⟨
(* In the setting of the context, let $u$ and $v$ be respectively a viscosity subsolution and a viscosity supersolution of $\partial_tw+a(x)\cdot\nabla w=\mathcal{J}w$ on $\Sigma\times(0,\infty)$, with $u(x,0)\le v(x,0)$ for all $x\in\Sigma$. Then $u(x,t)\le v(x,t)$ for all $x\in\Sigma$ and $t>0$.
   Context: $D\ge1$, $\Sigma=\{x\in\mathbb{R}^D: x_k\ge0,\ \sum_{k=1}^Dx_k\le1\}$, $x_0=1-\sum_{k=1}^Dx_k$. $f_0,\dots,f_D:\Sigma\to[0,\infty)$ are Lipschitz, $\bar f(x)=\sum_{k=0}^Dx_kf_k(x)$, $a_k(x)=-(f_k(x)-\bar f(x))x_k$ ($k=1,\dots,D$). With constants $\lambda_{ij}>0$, $\gamma_{ij}\in(0,1]$, \[ \mathcal{J}\phi(x)=\sum_{\substack{i,j=1\\ i\neq j}}^D\lambda_{ij}f_i(x)[\phi(x+\gamma_{ij}x_i(e_j-e_i))-\phi(x)]+\sum_{i=1}^D\lambda_{i0}f_i(x)[\phi(x-\gamma_{i0}x_ie_i)-\phi(x)]+\sum_{j=1}^D\lambda_{0j}f_0(x)[\phi(x+\gamma_{0j}x_0e_j)-\phi(x)] \] (applied in $x$ at fixed $t$). A bounded upper semicontinuous function $w$ on $\Sigma\times[0,\infty)$ is a viscosity subsolution if for every smooth $\phi$ and every $(x,t)\in\Sigma\times(0,\infty)$ at which $w-\phi$ attains a global maximum with $w(x,t)=\phi(x,t)$, one has $\partial_t\phi(x,t)+a(x)\cdot\nabla\phi(x,t)\le\mathcal{J}\phi(x,t)$; a bounded lower semicontinuous $w$ is a viscosity supersolution if the analogous condition holds with global minimum and the reverse inequality. *)

theory Defs
  imports "HOL-Analysis.Analysis"
begin

text \<open>The simplex_D Sigma in R^D; coordinates indexed by the finite type 'n (D = CARD('n)).\<close>
definition simplex_D :: "(real^'n) set" where
  "simplex_D = {x. (\<forall>k. x $ k \<ge> 0) \<and> (\<Sum>k\<in>UNIV. x $ k) \<le> 1}"

definition x0 :: "real^'n \<Rightarrow> real" where
  "x0 x = 1 - (\<Sum>k\<in>UNIV. x $ k)"

fun Ck :: "nat \<Rightarrow> ('a::real_normed_vector \<Rightarrow> real) \<Rightarrow> bool" where
  "Ck 0 f = continuous_on UNIV f"
| "Ck (Suc k) f = ((\<forall>p. f differentiable (at p)) \<and>
                    (\<forall>v. Ck k (\<lambda>p. frechet_derivative f (at p) v)))"

definition smooth :: "('a::real_normed_vector \<Rightarrow> real) \<Rightarrow> bool" where
  "smooth f = (\<forall>k. Ck k f)"

definition usc_on :: "'a::topological_space set \<Rightarrow> ('a \<Rightarrow> real) \<Rightarrow> bool" where
  "usc_on S w = (\<forall>p\<in>S. \<forall>c. w p < c \<longrightarrow> (\<forall>\<^sub>F q in at p within S. w q < c))"

definition lsc_on :: "'a::topological_space set \<Rightarrow> ('a \<Rightarrow> real) \<Rightarrow> bool" where
  "lsc_on S w = (\<forall>p\<in>S. \<forall>c. c < w p \<longrightarrow> (\<forall>\<^sub>F q in at p within S. c < w q))"

text \<open>fbar(x) = sum_{k=0}^D x_k f_k(x); f0 is f_0 and f k is f_k for k in 'n.\<close>
definition fbar :: "(real^'n \<Rightarrow> real) \<Rightarrow> ('n \<Rightarrow> real^'n \<Rightarrow> real) \<Rightarrow> real^'n \<Rightarrow> real" where
  "fbar f0 f x = x0 x * f0 x + (\<Sum>k\<in>UNIV. x $ k * f k x)"

definition drift :: "(real^'n \<Rightarrow> real) \<Rightarrow> ('n \<Rightarrow> real^'n \<Rightarrow> real) \<Rightarrow> real^'n \<Rightarrow> real^'n" where
  "drift f0 f x = (\<chi> k. - (f k x - fbar f0 f x) * x $ k)"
⟩
▶ _Task requirements_:
Search the listing above for the word "supersolution", and copy every line that has it.

▶ _Exercise solution_:
(* In the setting of the context, let $u$ and $v$ be respectively a viscosity subsolution and a viscosity supersolution of $\partial_tw+a(x)\cdot\nabla w=\mathcal{J}w$ on $\Sigma\times(0,\infty)$, with $u(x,0)\le v(x,0)$ for all $x\in\Sigma$. Then $u(x,t)\le v(x,t)$ for all $x\in\Sigma$ and $t>0$.
   Context: $D\ge1$, $\Sigma=\{x\in\mathbb{R}^D: x_k\ge0,\ \sum_{k=1}^Dx_k\le1\}$, $x_0=1-\sum_{k=1}^Dx_k$. $f_0,\dots,f_D:\Sigma\to[0,\infty)$ are Lipschitz, $\bar f(x)=\sum_{k=0}^Dx_kf_k(x)$, $a_k(x)=-(f_k(x)-\bar f(x))x_k$ ($k=1,\dots,D$). With constants $\lambda_{ij}>0$, $\gamma_{ij}\in(0,1]$, \[ \mathcal{J}\phi(x)=\sum_{\substack{i,j=1\\ i\neq j}}^D\lambda_{ij}f_i(x)[\phi(x+\gamma_{ij}x_i(e_j-e_i))-\phi(x)]+\sum_{i=1}^D\lambda_{i0}f_i(x)[\phi(x-\gamma_{i0}x_ie_i)-\phi(x)]+\sum_{j=1}^D\lambda_{0j}f_0(x)[\phi(x+\gamma_{0j}x_0e_j)-\phi(x)] \] (applied in $x$ at fixed $t$). A bounded upper semicontinuous function $w$ on $\Sigma\times[0,\infty)$ is a viscosity subsolution if for every smooth $\phi$ and every $(x,t)\in\Sigma\times(0,\infty)$ at which $w-\phi$ attains a global maximum with $w(x,t)=\phi(x,t)$, one has $\partial_t\phi(x,t)+a(x)\cdot\nabla\phi(x,t)\le\mathcal{J}\phi(x,t)$; a bounded lower semicontinuous $w$ is a viscosity supersolution if the analogous condition holds with global minimum and the reverse inequality. *)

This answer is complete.